The Berkeley Art Museum and Pacific Film Archive (BAMPFA) announced on Thursday the appointment of a new director: Julie Rodrigues Widholm, the current director and chief curator of the DePaul Art Museum (DPAM) in Chicago.
Widholm comes into Berkeley with high marks. During her five years at DPAM, the museum experienced a 40% increase in attendance and a tripling of its annual budget. She also oversaw the addition of 500 artworks to the museum’s collection “with a particular emphasis on work by underrecognized artists from marginalized groups,” according to BAMPFA’s press release.

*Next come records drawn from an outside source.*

(* Let $\tau>0$, $x_t\in\mathbb{R}^n$, let $i_t$ be an index, and let $x_{t+1}=\operatorname{prox}_{\tau g}(x_t-\tau\nabla f_{i_t}(x_t))$. Then for every $z\in\mathbb{R}^n$ and every $\epsilon>0$, \begin{align*} \|x_{t+1}-z\|^2-\|x_t-z\|^2&\le 2\tau[f_{i_t}(z)-f_{i_t}(x_t)]+2\tau\bigl(g(z)-g(x_{t+1})\bigr)+\frac{\tau}{\epsilon}\|\nabla f_{i_t}(x_t)-\nabla f(x_t)\|^2\\ &\quad+2\tau[f(x_t)-f(x_{t+1})]+[\tau\epsilon+\tau L-1]\|x_t-x_{t+1}\|^2. \end{align*}
   Context: Let $D$ be a probability distribution on an index set, and for each index $i$ let $f_i:\mathbb{R}^n\to\mathbb{R}$ be convex and $L$-smooth (differentiable with $L$-Lipschitz gradient, $L>0$); let $f(x)=\mathbb{E}_{i\sim D}[f_i(x)]$ with $\mathbb{E}_{i\sim D}[\nabla f_i(x)]=\nabla f(x)$. Let $g:\mathbb{R}^n\to\mathbb{R}\cup\{+\infty\}$ be proper, convex and lower semicontinuous. $\operatorname{prox}_{\tau g}(y)=\arg\min_u\{\tau g(u)+\tfrac12\|y-u\|^2\}$. *)

theory Defs
  imports "HOL-Analysis.Analysis" "HOL-Probability.Probability"
begin

definition proper_fun :: "('a \<Rightarrow> ereal) \<Rightarrow> bool" where
  "proper_fun g \<longleftrightarrow> (\<forall>x. g x \<noteq> -\<infinity>) \<and> (\<exists>x. g x \<noteq> \<infinity>)"

definition ext_convex :: "('a::real_vector \<Rightarrow> ereal) \<Rightarrow> bool" where
  "ext_convex g \<longleftrightarrow> (\<forall>x y u. 0 < u \<and> u < 1 \<longrightarrow>
      g (u *\<^sub>R x + (1 - u) *\<^sub>R y) \<le> ereal u * g x + ereal (1 - u) * g y)"

definition lsc :: "('a::topological_space \<Rightarrow> ereal) \<Rightarrow> bool" where
  "lsc g \<longleftrightarrow> (\<forall>x. g x \<le> Liminf (at x) g)"

definition prox :: "real \<Rightarrow> ('a::real_normed_vector \<Rightarrow> ereal) \<Rightarrow> 'a \<Rightarrow> 'a" where
  "prox \<tau> g y = arg_min (\<lambda>u. ereal \<tau> * g u + ereal ((norm (y - u))\<^sup>2 / 2)) (\<lambda>_. True)"

end

theory Submission
  imports Defs "HOL-Real_Asymp.Real_Asymp"
begin

(* The prox point p = prox_{\<tau>g}(y), y = x_t - \<tau> \<nabla>f_i(x_t), exists because the prox objective
   is lower semicontinuous and coercive: a proper convex lsc g is bounded below by a function of
   linear growth, while |y - u|^2/2 grows quadratically. Comparing p with the points of the segment
   [p, z] gives the variational inequality \<tau> g(p) + <y - p, z - p> \<le> \<tau> g(z). Then
     |p - z|^2 - |x_t - z|^2 = 2 <x_t - p, z - p> - |x_t - p|^2,
     <x_t - p, z - p> = <y - p, z - p> + \<tau> <\<nabla>f_i(x_t), z - x_t> + \<tau> <\<nabla>f(x_t), x_t - p>
                        + \<tau> <\<nabla>f_i(x_t) - \<nabla>f(x_t), x_t - p>,
   and the last three terms are bounded by the tangent-plane inequality for the convex f_i, the
   descent lemma for f (whose gradient inherits the Lipschitz constant L from the f_i) and Young's
   inequality with weight \<epsilon>. *)

lemma lsc_iff_eventually_greater:
  "lsc g \<longleftrightarrow> (\<forall>x c. c < g x \<longrightarrow> (\<forall>\<^sub>F y in at x. c < g y))"
  unfolding lsc_def le_Liminf_iff by blast

lemma lsc_open_superlevel:
  assumes "lsc g"
  shows "open {x. c < g x}"
proof (subst open_subopen, intro ballI)
  fix x assume "x \<in> {x. c < g x}"
  with assms have "\<forall>\<^sub>F y in nhds x. c < g y"
    by (simp add: eventually_nhds_conv_at lsc_iff_eventually_greater)
  then show "\<exists>T. open T \<and> x \<in> T \<and> T \<subseteq> {x. c < g x}"
    unfolding eventually_nhds by blast
qed

lemma lsc_attains_min_on_compact:
  assumes "lsc g" "compact K" "K \<noteq> {}"
  shows "\<exists>x\<in>K. \<forall>y\<in>K. g x \<le> g y"
proof (rule ccontr)
  assume "\<not> ?thesis"
  then have "K \<subseteq> (\<Union>y\<in>K. {x. g y < g x})"
    by (auto simp: not_le)
  then obtain C where C: "C \<subseteq> K" "finite C" "K \<subseteq> (\<Union>y\<in>C. {x. g y < g x})"
    using compactE_image[OF \<open>compact K\<close>] lsc_open_superlevel[OF \<open>lsc g\<close>] by metis
  with \<open>K \<noteq> {}\<close> have "C \<noteq> {}" by auto
  then obtain y0 where "y0 \<in> C" "\<not> (\<exists>y\<in>C. g y < g y0)"
    using arg_min_if_finite[OF \<open>finite C\<close>, of g] by blast
  then show False
    using C by blast
qed
lemma Pi_pmf_bernoulli_count_lower_tail:
  assumes "finite X" "X \<noteq> {}" "\<And>v. v \<in> X \<Longrightarrow> r v \<in> {0..1}" "\<delta> \<ge> 0"
  shows "measure_pmf.prob (Pi_pmf X False (\<lambda>v. bernoulli_pmf (r v)))
           {f. real (card {v\<in>X. f v}) \<le> (\<Sum>v\<in>X. r v) - \<delta>} \<le> exp (-2 * \<delta>\<^sup>2 / real (card X))"
proof -
  define M where "M = Pi_pmf X False (\<lambda>v. bernoulli_pmf (r v))"
  have expectation: "measure_pmf.expectation M (\<lambda>f. of_bool (f v)) = r v" if "v \<in> X" for v
  proof -
    have "map_pmf (\<lambda>f. f v) M = bernoulli_pmf (r v)"
      unfolding M_def using assms(1) that by (subst Pi_pmf_component) auto
    then show ?thesis
      using assms(3)[OF that] integral_map_pmf[of "\<lambda>f. f v" M "\<lambda>b. of_bool b :: real"] by simp
  qed
  interpret Hoeffding_ineq "measure_pmf M" X "\<lambda>v f. of_bool (f v)" "\<lambda>_. 0" "\<lambda>_. 1" "\<Sum>v\<in>X. r v"
  proof unfold_locales
    show "prob_space.indep_vars (measure_pmf M) (\<lambda>_. borel) (\<lambda>v f. of_bool (f v) :: real) X"
      unfolding M_def
      by (intro prob_space.indep_vars_compose2[OF _ indep_vars_Pi_pmf])
         (auto simp: measure_pmf.prob_space_axioms assms(1))
    show "(\<Sum>v\<in>X. r v) \<equiv> (\<Sum>v\<in>X. measure_pmf.expectation M (\<lambda>f. of_bool (f v)))"
      using expectation by simp
  qed (auto simp: assms(1))
  have "(\<Sum>v\<in>X. of_bool (f v) :: real) = real (card {v\<in>X. f v})" for f
    using assms(1) by (simp add: of_bool_def sum.If_cases Int_def)
  moreover have "measure_pmf.prob M {f\<in>space (measure_pmf M). (\<Sum>v\<in>X. of_bool (f v)) \<le> (\<Sum>v\<in>X. r v) - \<delta>}
      \<le> exp (-2 * \<delta>\<^sup>2 / (\<Sum>v\<in>X. (1 - 0)\<^sup>2))"
    by (rule Hoeffding_ineq_le[OF assms(4)]) (use assms(1,2) in \<open>auto simp: card_gt_0_iff\<close>)
  ultimately show ?thesis
    unfolding M_def by simp
qed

Widholm succeeds BAMPFA’s exiting director Lawrence Rinder, whose history with the museum stretches back to the 1980s and whose role as director began in 2008. [aside postID=’arts_13866997′
Rinder was widely acknowledged to have left the museum in good standing, after overseeing a major move from the institution’s former home—a 101,000-square-foot brutalist concrete shell on Bancroft Way—to a new building on Center Street. Rinder, whose acquisition program added over 6,000 works to the museum’s collection, also reportedly secured a “significant gift from an anonymous donor” before his departure.
The museum, currently closed due to the COVID-19 pandemic, cites Widholm’s “emphasis on diversity and inclusion” as a contributing factor in her hiring, pointing to DPAM’s curatorial program and its emphasis on work by artists of color, women and LGBTQ artists.
“I am incredibly honored to join BAMPFA at this critical juncture to work collaboratively with staff, colleagues, faculty, students, and other stakeholders in the community to think deeply about what it means to be an inclusive academic art museum in the 21st century,” Widholm said in a statement. “I have long admired BAMPFA’s program, including the MATRIX program’s longstanding role in bringing emerging and underrecognized contemporary artists to the fore.”
Windholm will start at BAMPFA on Aug. 1.